:: REQUIREMENT ::
How many lines of the data include the string "symmetric"? State the number and nothing else.

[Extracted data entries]

lemma client_bound_le_LLcal:
  fixes f :: "'n::finite \<Rightarrow> 'd::euclidean_space \<Rightarrow> real" and cl :: "'n \<Rightarrow> 'k::finite"
  assumes p0: "0 < p0" "p0 < 1" and p: "0 < p (cl i)" "p (cl i) < 1"
    and \<alpha>: "0 \<le> \<alpha> (cl i)" "\<alpha> (cl i) \<le> 1" and \<gamma>: "0 < \<gamma> i"
    and sc: "strongly_convex \<mu> (f i)" "0 \<le> \<mu>" and sm: "smooth L (f i)" "0 < L"
  shows "client_bound p0 (p (cl i)) (\<alpha> (cl i)) (wvar_grad (global_weight \<alpha> \<gamma> cl) e $ i)
      (wvar_grad (cluster_weight \<gamma> cl (cl i)) e $ i) (grad (f i) x - grad (f i) y)
    \<le> LLcal L \<alpha> \<gamma> cl p0 p * (global_weight \<alpha> \<gamma> cl i * (norm (e $ i - wmean (global_weight \<alpha> \<gamma> cl) e))\<^sup>2
        + (1 - \<alpha> (cl i)) * \<gamma> i * (norm (e $ i - wmean (cluster_weight \<gamma> cl (cl i)) e))\<^sup>2)
      + 2 * LLcal L \<alpha> \<gamma> cl p0 p * bregman (f i) x y"
proof -
  let ?LL = "LLcal L \<alpha> \<gamma> cl p0 p" and ?w = "global_weight \<alpha> \<gamma> cl i"
    and ?D = "p0 + 2 * (1 - p0) * p (cl i)"
  let ?Qw = "(norm (e $ i - wmean (global_weight \<alpha> \<gamma> cl) e))\<^sup>2"
    and ?Qc = "(norm (e $ i - wmean (cluster_weight \<gamma> cl (cl i)) e))\<^sup>2"
  have D: "0 < ?D" using p0 p by (simp add: add_pos_nonneg)
  have "2 / p0 * (norm (wvar_grad (global_weight \<alpha> \<gamma> cl) e $ i))\<^sup>2 = (2 / p0 * ?w) * (?w * ?Qw)"
    unfolding wvar_grad_def by (simp add: power2_norm_scaleR power2_eq_square)
  also have "\<dots> \<le> ?LL * (?w * ?Qw)"
    using LLcal_ge_global[OF p0(1)] \<alpha> \<gamma> by (intro mult_right_mono) (auto simp: global_weight_def)
  finally have U: "2 / p0 * (norm (wvar_grad (global_weight \<alpha> \<gamma> cl) e $ i))\<^sup>2 \<le> ?LL * (?w * ?Qw)" .
  have "2 * (1 - \<alpha> (cl i))\<^sup>2 / ?D * (norm (wvar_grad (cluster_weight \<gamma> cl (cl i)) e $ i))\<^sup>2
      = (2 * (1 - \<alpha> (cl i)) * \<gamma> i / ?D) * ((1 - \<alpha> (cl i)) * \<gamma> i * ?Qc)"
    unfolding wvar_grad_def cluster_weight_def by (simp add: power2_norm_scaleR power2_eq_square)
  also have "\<dots> \<le> ?LL * ((1 - \<alpha> (cl i)) * \<gamma> i * ?Qc)"
    using LLcal_ge_cluster[of \<alpha> cl i p0 p \<gamma> L] \<alpha> \<gamma> D by (intro mult_right_mono) auto
  finally have V: "2 * (1 - \<alpha> (cl i))\<^sup>2 / ?D * (norm (wvar_grad (cluster_weight \<gamma> cl (cl i)) e $ i))\<^sup>2
      \<le> ?LL * ((1 - \<alpha> (cl i)) * \<gamma> i * ?Qc)" .
  have q: "0 < (1 - p0) * (1 - p (cl i))" using p0 p by simp
  have "1 / ((1 - p0) * (1 - p (cl i))) * (norm (grad (f i) x - grad (f i) y))\<^sup>2
      \<le> 1 / ((1 - p0) * (1 - p (cl i))) * (2 * L * bregman (f i) x y)"
    using power2_norm_grad_diff_le_bregman[OF sc sm] q by (intro mult_left_mono) auto
  also have "\<dots> = 2 * (L / ((1 - p0) * (1 - p (cl i)))) * bregman (f i) x y" by simp
  also have "\<dots> \<le> 2 * ?LL * bregman (f i) x y"
    using LLcal_ge_smooth[of L p0 p "cl i" \<alpha> \<gamma> cl] p0 sm(2) sc
      bregman_nonneg[OF sc] sm(1)[unfolded smooth_def]
    by (intro mult_right_mono) auto
  finally have g: "1 / ((1 - p0) * (1 - p (cl i))) * (norm (grad (f i) x - grad (f i) y))\<^sup>2
      \<le> 2 * ?LL * bregman (f i) x y" .
  show ?thesis
    unfolding client_bound_def using add_mono[OF add_mono[OF U V] g] by (simp add: distrib_left)
qed

lemma moment_bound_diff_le_Fobj_gap:
  fixes f :: "'n::finite \<Rightarrow> 'd::euclidean_space \<Rightarrow> real" and cl :: "'n \<Rightarrow> 'k::finite"
  assumes p0: "0 < p0" "p0 < 1" and p: "\<And>j. 0 < p j \<and> p j < 1"
    and \<alpha>: "\<And>j. 0 \<le> \<alpha> j \<and> \<alpha> j \<le> 1" and \<gamma>: "\<And>i. 0 < \<gamma> i"
    and sc: "\<And>i. strongly_convex \<mu> (f i)" "0 \<le> \<mu>" and sm: "\<And>i. smooth L (f i)" "0 < L"
    and wc: "\<And>j. (\<Sum>i\<in>UNIV. cluster_weight \<gamma> cl j i) \<noteq> 0"
    and wg: "(\<Sum>i\<in>UNIV. global_weight \<alpha> \<gamma> cl i) \<noteq> 0"
    and min: "\<forall>\<Theta>'. Fobj f \<alpha> \<gamma> cl \<Theta>h \<le> Fobj f \<alpha> \<gamma> cl \<Theta>'"
  shows "moment_bound \<alpha> \<gamma> cl p0 p (\<Theta> - \<Theta>h) (stacked_grad f \<Theta> - stacked_grad f \<Theta>h)
    \<le> 2 * LLcal L \<alpha> \<gamma> cl p0 p * (Fobj f \<alpha> \<gamma> cl \<Theta> - Fobj f \<alpha> \<gamma> cl \<Theta>h)"
proof -
  let ?LL = "LLcal L \<alpha> \<gamma> cl p0 p" and ?e = "\<Theta> - \<Theta>h"
    and ?w = "global_weight \<alpha> \<gamma> cl" and ?c = "cluster_weight \<gamma> cl"
  have grads: "(stacked_grad f \<Theta> - stacked_grad f \<Theta>h) $ i = grad (f i) (\<Theta> $ i) - grad (f i) (\<Theta>h $ i)" for i
    by (simp add: stacked_grad_def)
  have "moment_bound \<alpha> \<gamma> cl p0 p ?e (stacked_grad f \<Theta> - stacked_grad f \<Theta>h)
    \<le> (\<Sum>i\<in>UNIV. ?LL * (?w i * (norm (?e $ i - wmean ?w ?e))\<^sup>2
        + (1 - \<alpha> (cl i)) * \<gamma> i * (norm (?e $ i - wmean (?c (cl i)) ?e))\<^sup>2)
      + 2 * ?LL * bregman (f i) (\<Theta> $ i) (\<Theta>h $ i))"
    unfolding moment_bound_def grads
    by (intro sum_mono client_bound_le_LLcal) (use p0 p \<alpha> \<gamma> sc sm in auto)
  also have "\<dots> = 2 * ?LL * (wvar ?w ?e + (\<Sum>j\<in>UNIV. (1 - \<alpha> j) * wvar (?c j) ?e)
      + (\<Sum>i\<in>UNIV. bregman (f i) (\<Theta> $ i) (\<Theta>h $ i)))"
    unfolding sum.distrib sum_distrib_left[symmetric] distrib_left[symmetric]
      sum_cluster_dispersions
    by (simp add: wvar_def algebra_simps)
  also have "\<dots> = 2 * ?LL * (Fobj f \<alpha> \<gamma> cl \<Theta> - Fobj f \<alpha> \<gamma> cl \<Theta>h)"
    using sm(1) unfolding smooth_def by (simp add: Fobj_gap_eq[OF _ wc wg min])
  finally show ?thesis .
qed

theorem mainTheorem7:
  fixes f :: "'n::finite \<Rightarrow> 'd::euclidean_space \<Rightarrow> real"
    and cl :: "'n \<Rightarrow> 'k::finite"
    and \<gamma> :: "'n \<Rightarrow> real" and \<alpha> :: "'k \<Rightarrow> real"
    and \<mu> L p0 :: real and p \<tau> :: "'k \<Rightarrow> real"
    and \<Theta>h \<Theta> :: "'d^'n"
  assumes clusters_nonempty: "surj cl"
    and mu_pos: "0 < \<mu>" and mu_le_L: "\<mu> \<le> L"
    and f_sc: "\<And>i. strongly_convex \<mu> (f i)"
    and f_smooth: "\<And>i. smooth L (f i)"
    and gamma_pos: "\<And>i. 0 < \<gamma> i"
    and alpha_range: "\<And>j. 0 \<le> \<alpha> j \<and> \<alpha> j \<le> 1"
    and alpha_nz: "\<exists>j. \<alpha> j \<noteq> 0"
    and minimizer: "\<forall>\<Theta>'. Fobj f \<alpha> \<gamma> cl \<Theta>h \<le> Fobj f \<alpha> \<gamma> cl \<Theta>'"
    and p0_range: "0 < p0" "p0 < 1"
    and p_range: "\<And>j. 0 < p j \<and> p j < 1"
    and tau_def: "\<And>j. \<tau> j = p0 / (p0 + 2 * (1 - p0) * p j)"
  shows "EGsq f \<alpha> \<gamma> cl p0 p \<tau> \<Theta>
           \<le> 4 * LLcal L \<alpha> \<gamma> cl p0 p * (Fobj f \<alpha> \<gamma> cl \<Theta> - Fobj f \<alpha> \<gamma> cl \<Theta>h)
             + 2 * sigma2 f \<alpha> \<gamma> cl p0 p \<Theta>h"
proof -
  have diff: "\<And>i x. f i differentiable (at x)" using f_smooth unfolding smooth_def by auto
  have wc: "(\<Sum>i\<in>UNIV. cluster_weight \<gamma> cl j i) \<noteq> 0" for j
    using sum_cluster_weight_pos[of cl \<gamma> j, OF clusters_nonempty gamma_pos] by linarith
  obtain j0 where "\<alpha> j0 \<noteq> 0" using alpha_nz by blast
  then have wg: "(\<Sum>i\<in>UNIV. global_weight \<alpha> \<gamma> cl i) \<noteq> 0"
    using sum_global_weight_pos[of cl \<gamma> \<alpha> j0, OF clusters_nonempty gamma_pos] alpha_range
    by fastforce
  have "EGsq f \<alpha> \<gamma> cl p0 p \<tau> \<Theta>
    \<le> 2 * moment_bound \<alpha> \<gamma> cl p0 p (\<Theta> - \<Theta>h) (stacked_grad f \<Theta> - stacked_grad f \<Theta>h)
      + 2 * moment_bound \<alpha> \<gamma> cl p0 p \<Theta>h (stacked_grad f \<Theta>h)"
    by (rule EGsq_le_moment_bounds[OF p0_range p_range tau_def])
  also have "moment_bound \<alpha> \<gamma> cl p0 p (\<Theta> - \<Theta>h) (stacked_grad f \<Theta> - stacked_grad f \<Theta>h)
      \<le> 2 * LLcal L \<alpha> \<gamma> cl p0 p * (Fobj f \<alpha> \<gamma> cl \<Theta> - Fobj f \<alpha> \<gamma> cl \<Theta>h)"
    using mu_pos mu_le_L
    by (intro moment_bound_diff_le_Fobj_gap[OF p0_range p_range alpha_range gamma_pos f_sc _ f_smooth
          _ wc wg minimizer]) auto
  also have "moment_bound \<alpha> \<gamma> cl p0 p \<Theta>h (stacked_grad f \<Theta>h) = sigma2 f \<alpha> \<gamma> cl p0 p \<Theta>h"
    by (rule sigma2_eq_moment_bound[OF diff wc wg, symmetric])
  finally show ?thesis by simp
qed

end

:: RESULT FOR THIS TASK ::
2